Task input Start Marker

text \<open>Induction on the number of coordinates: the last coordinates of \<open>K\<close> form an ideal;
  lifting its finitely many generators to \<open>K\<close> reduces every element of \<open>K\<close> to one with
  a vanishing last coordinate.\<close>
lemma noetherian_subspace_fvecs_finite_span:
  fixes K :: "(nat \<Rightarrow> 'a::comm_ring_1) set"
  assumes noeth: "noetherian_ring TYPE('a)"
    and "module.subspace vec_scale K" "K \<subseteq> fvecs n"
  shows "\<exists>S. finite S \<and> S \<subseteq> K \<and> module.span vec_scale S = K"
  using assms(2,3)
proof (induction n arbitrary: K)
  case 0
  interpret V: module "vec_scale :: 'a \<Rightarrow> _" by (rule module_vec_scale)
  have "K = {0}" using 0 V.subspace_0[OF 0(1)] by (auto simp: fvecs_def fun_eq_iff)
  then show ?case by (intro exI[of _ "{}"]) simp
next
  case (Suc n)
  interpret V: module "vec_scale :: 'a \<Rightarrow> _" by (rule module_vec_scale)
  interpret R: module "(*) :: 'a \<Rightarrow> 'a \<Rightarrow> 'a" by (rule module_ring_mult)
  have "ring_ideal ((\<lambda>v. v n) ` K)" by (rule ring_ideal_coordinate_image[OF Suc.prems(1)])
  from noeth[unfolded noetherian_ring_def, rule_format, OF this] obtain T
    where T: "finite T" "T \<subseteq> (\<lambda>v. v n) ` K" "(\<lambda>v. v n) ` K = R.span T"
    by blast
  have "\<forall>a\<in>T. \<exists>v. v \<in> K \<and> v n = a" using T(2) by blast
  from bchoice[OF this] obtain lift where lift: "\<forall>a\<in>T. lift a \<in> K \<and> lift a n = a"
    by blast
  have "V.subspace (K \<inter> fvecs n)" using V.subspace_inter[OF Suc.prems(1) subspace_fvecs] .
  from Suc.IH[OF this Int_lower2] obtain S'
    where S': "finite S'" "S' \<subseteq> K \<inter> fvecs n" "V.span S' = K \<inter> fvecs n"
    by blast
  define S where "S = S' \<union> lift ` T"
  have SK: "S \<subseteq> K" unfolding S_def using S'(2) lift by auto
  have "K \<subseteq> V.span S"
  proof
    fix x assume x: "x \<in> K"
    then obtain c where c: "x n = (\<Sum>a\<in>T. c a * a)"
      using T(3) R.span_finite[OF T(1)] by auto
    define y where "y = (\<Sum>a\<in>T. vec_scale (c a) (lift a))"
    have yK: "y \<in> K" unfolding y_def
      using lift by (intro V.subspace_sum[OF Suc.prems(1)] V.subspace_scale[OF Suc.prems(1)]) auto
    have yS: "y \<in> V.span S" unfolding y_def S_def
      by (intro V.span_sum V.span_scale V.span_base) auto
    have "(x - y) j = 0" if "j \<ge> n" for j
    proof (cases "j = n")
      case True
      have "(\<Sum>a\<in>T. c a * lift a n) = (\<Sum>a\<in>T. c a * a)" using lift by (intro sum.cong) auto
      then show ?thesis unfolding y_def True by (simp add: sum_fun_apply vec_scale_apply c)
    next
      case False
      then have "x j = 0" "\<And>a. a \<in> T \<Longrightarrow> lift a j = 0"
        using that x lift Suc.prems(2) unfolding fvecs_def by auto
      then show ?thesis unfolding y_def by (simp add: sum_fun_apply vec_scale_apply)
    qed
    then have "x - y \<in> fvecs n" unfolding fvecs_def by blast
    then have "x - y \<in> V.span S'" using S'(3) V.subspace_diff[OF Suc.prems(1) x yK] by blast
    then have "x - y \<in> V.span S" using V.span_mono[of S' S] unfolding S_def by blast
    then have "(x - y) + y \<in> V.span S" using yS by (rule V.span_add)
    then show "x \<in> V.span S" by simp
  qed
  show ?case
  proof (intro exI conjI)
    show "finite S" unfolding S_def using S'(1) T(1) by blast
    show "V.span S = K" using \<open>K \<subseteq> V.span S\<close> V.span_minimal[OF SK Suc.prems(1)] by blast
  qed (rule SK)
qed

Task input End Marker
Task input Start Marker

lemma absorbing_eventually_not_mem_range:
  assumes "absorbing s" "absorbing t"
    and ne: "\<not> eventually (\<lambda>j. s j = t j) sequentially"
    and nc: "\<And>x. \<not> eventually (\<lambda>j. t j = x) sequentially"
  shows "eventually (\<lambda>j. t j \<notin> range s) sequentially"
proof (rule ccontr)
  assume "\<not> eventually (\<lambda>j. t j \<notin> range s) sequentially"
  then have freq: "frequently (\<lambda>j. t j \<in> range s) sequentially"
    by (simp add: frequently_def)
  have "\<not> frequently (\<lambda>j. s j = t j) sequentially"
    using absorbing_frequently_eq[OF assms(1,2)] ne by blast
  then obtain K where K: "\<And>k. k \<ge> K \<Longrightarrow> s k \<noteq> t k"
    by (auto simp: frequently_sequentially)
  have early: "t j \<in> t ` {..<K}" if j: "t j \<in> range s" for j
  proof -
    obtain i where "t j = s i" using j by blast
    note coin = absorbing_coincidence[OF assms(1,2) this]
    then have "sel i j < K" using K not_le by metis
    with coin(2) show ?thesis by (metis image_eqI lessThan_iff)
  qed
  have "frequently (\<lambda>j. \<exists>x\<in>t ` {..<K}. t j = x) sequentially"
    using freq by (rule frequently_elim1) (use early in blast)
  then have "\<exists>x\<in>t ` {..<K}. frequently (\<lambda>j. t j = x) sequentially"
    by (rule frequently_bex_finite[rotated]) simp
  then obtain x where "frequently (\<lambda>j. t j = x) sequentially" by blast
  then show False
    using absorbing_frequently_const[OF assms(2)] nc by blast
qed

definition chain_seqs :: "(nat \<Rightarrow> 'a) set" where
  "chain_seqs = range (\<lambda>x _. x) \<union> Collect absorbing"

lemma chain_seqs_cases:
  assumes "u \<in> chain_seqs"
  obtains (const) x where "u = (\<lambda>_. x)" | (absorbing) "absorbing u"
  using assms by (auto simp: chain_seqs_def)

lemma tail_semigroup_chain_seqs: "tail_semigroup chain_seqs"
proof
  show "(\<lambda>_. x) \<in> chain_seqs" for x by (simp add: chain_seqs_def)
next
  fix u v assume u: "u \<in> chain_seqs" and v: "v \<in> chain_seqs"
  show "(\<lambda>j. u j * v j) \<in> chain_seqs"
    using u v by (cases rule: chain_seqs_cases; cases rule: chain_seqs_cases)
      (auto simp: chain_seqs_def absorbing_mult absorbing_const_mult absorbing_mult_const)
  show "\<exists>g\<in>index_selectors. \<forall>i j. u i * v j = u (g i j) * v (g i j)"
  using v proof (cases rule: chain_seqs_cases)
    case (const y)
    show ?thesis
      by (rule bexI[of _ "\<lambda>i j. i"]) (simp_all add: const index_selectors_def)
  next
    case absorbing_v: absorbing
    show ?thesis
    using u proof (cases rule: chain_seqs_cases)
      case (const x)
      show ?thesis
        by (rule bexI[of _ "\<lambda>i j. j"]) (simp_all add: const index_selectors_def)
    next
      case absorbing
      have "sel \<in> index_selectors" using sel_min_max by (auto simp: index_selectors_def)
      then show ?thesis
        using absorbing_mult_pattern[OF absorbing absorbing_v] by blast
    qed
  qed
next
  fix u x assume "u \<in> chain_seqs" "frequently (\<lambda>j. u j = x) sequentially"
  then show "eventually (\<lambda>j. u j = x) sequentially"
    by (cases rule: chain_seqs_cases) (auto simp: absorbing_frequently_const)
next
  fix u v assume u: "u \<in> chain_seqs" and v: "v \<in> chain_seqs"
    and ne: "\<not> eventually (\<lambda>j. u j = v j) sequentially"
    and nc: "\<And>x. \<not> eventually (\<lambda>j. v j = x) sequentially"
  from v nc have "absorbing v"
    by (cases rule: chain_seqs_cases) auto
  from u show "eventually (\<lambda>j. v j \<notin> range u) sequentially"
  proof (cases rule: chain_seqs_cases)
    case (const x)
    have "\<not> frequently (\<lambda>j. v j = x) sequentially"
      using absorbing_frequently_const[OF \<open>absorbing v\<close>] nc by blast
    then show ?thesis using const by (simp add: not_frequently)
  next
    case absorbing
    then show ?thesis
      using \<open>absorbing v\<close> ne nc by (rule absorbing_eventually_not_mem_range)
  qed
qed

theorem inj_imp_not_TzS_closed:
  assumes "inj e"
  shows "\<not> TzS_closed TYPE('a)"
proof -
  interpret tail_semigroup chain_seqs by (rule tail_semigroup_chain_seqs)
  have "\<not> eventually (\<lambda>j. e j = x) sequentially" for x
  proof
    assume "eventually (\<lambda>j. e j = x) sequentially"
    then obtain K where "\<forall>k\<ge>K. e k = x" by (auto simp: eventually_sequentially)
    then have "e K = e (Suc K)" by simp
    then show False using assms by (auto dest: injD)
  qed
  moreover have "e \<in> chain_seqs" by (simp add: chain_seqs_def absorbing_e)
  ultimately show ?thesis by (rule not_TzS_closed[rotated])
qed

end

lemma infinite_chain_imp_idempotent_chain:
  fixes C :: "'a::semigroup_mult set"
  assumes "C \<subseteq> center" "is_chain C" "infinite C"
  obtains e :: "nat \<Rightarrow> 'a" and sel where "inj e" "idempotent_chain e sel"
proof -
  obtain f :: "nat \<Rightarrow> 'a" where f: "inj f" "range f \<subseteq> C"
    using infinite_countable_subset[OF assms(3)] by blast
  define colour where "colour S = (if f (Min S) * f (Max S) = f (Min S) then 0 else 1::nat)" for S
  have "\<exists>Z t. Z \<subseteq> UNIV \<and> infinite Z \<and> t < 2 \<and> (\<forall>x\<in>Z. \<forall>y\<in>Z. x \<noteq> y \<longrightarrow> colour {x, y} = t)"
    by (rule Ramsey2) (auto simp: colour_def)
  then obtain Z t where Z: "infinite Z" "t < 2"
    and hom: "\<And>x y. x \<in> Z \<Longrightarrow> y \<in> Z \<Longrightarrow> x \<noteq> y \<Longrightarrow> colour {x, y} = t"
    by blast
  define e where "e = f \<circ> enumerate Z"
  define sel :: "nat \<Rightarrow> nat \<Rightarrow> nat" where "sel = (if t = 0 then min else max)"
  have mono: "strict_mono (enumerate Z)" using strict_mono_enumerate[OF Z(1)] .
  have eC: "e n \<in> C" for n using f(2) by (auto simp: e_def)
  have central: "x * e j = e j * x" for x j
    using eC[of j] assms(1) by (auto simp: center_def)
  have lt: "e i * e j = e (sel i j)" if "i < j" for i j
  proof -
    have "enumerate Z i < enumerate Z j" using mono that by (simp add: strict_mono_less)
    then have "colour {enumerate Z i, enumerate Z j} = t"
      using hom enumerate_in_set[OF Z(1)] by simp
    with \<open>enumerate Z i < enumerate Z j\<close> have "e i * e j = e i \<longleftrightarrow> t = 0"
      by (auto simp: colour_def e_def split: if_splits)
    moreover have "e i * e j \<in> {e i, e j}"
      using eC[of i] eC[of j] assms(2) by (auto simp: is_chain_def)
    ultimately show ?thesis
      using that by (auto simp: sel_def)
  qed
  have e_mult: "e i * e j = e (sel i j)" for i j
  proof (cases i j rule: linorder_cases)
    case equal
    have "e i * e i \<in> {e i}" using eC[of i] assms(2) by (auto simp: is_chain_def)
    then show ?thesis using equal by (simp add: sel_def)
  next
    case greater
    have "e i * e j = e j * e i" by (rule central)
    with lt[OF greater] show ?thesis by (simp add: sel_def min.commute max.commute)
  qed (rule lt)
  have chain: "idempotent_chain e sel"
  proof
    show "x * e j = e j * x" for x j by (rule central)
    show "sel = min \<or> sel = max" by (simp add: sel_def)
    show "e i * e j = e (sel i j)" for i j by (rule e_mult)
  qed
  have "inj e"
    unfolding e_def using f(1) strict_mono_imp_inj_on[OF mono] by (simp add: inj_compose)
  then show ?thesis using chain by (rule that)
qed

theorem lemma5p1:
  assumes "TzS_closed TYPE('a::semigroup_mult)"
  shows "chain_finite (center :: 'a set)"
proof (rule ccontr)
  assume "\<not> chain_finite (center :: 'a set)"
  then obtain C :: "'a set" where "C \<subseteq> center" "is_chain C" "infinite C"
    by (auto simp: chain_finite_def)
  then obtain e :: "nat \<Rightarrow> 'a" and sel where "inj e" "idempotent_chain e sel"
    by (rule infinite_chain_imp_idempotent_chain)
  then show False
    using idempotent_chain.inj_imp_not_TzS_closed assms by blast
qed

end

Task input End Marker

_Required work_: Above are the records; copy exactly the lines from the line with "from u show" through the line with "define e where", both included.

_Answer to this problem_:
  from u show "eventually (\<lambda>j. v j \<notin> range u) sequentially"
  proof (cases rule: chain_seqs_cases)
    case (const x)
    have "\<not> frequently (\<lambda>j. v j = x) sequentially"
      using absorbing_frequently_const[OF \<open>absorbing v\<close>] nc by blast
    then show ?thesis using const by (simp add: not_frequently)
  next
    case absorbing
    then show ?thesis
      using \<open>absorbing v\<close> ne nc by (rule absorbing_eventually_not_mem_range)
  qed
qed

theorem inj_imp_not_TzS_closed:
  assumes "inj e"
  shows "\<not> TzS_closed TYPE('a)"
proof -
  interpret tail_semigroup chain_seqs by (rule tail_semigroup_chain_seqs)
  have "\<not> eventually (\<lambda>j. e j = x) sequentially" for x
  proof
    assume "eventually (\<lambda>j. e j = x) sequentially"
    then obtain K where "\<forall>k\<ge>K. e k = x" by (auto simp: eventually_sequentially)
    then have "e K = e (Suc K)" by simp
    then show False using assms by (auto dest: injD)
  qed
  moreover have "e \<in> chain_seqs" by (simp add: chain_seqs_def absorbing_e)
  ultimately show ?thesis by (rule not_TzS_closed[rotated])
qed

end

lemma infinite_chain_imp_idempotent_chain:
  fixes C :: "'a::semigroup_mult set"
  assumes "C \<subseteq> center" "is_chain C" "infinite C"
  obtains e :: "nat \<Rightarrow> 'a" and sel where "inj e" "idempotent_chain e sel"
proof -
  obtain f :: "nat \<Rightarrow> 'a" where f: "inj f" "range f \<subseteq> C"
    using infinite_countable_subset[OF assms(3)] by blast
  define colour where "colour S = (if f (Min S) * f (Max S) = f (Min S) then 0 else 1::nat)" for S
  have "\<exists>Z t. Z \<subseteq> UNIV \<and> infinite Z \<and> t < 2 \<and> (\<forall>x\<in>Z. \<forall>y\<in>Z. x \<noteq> y \<longrightarrow> colour {x, y} = t)"
    by (rule Ramsey2) (auto simp: colour_def)
  then obtain Z t where Z: "infinite Z" "t < 2"
    and hom: "\<And>x y. x \<in> Z \<Longrightarrow> y \<in> Z \<Longrightarrow> x \<noteq> y \<Longrightarrow> colour {x, y} = t"
    by blast
  define e where "e = f \<circ> enumerate Z"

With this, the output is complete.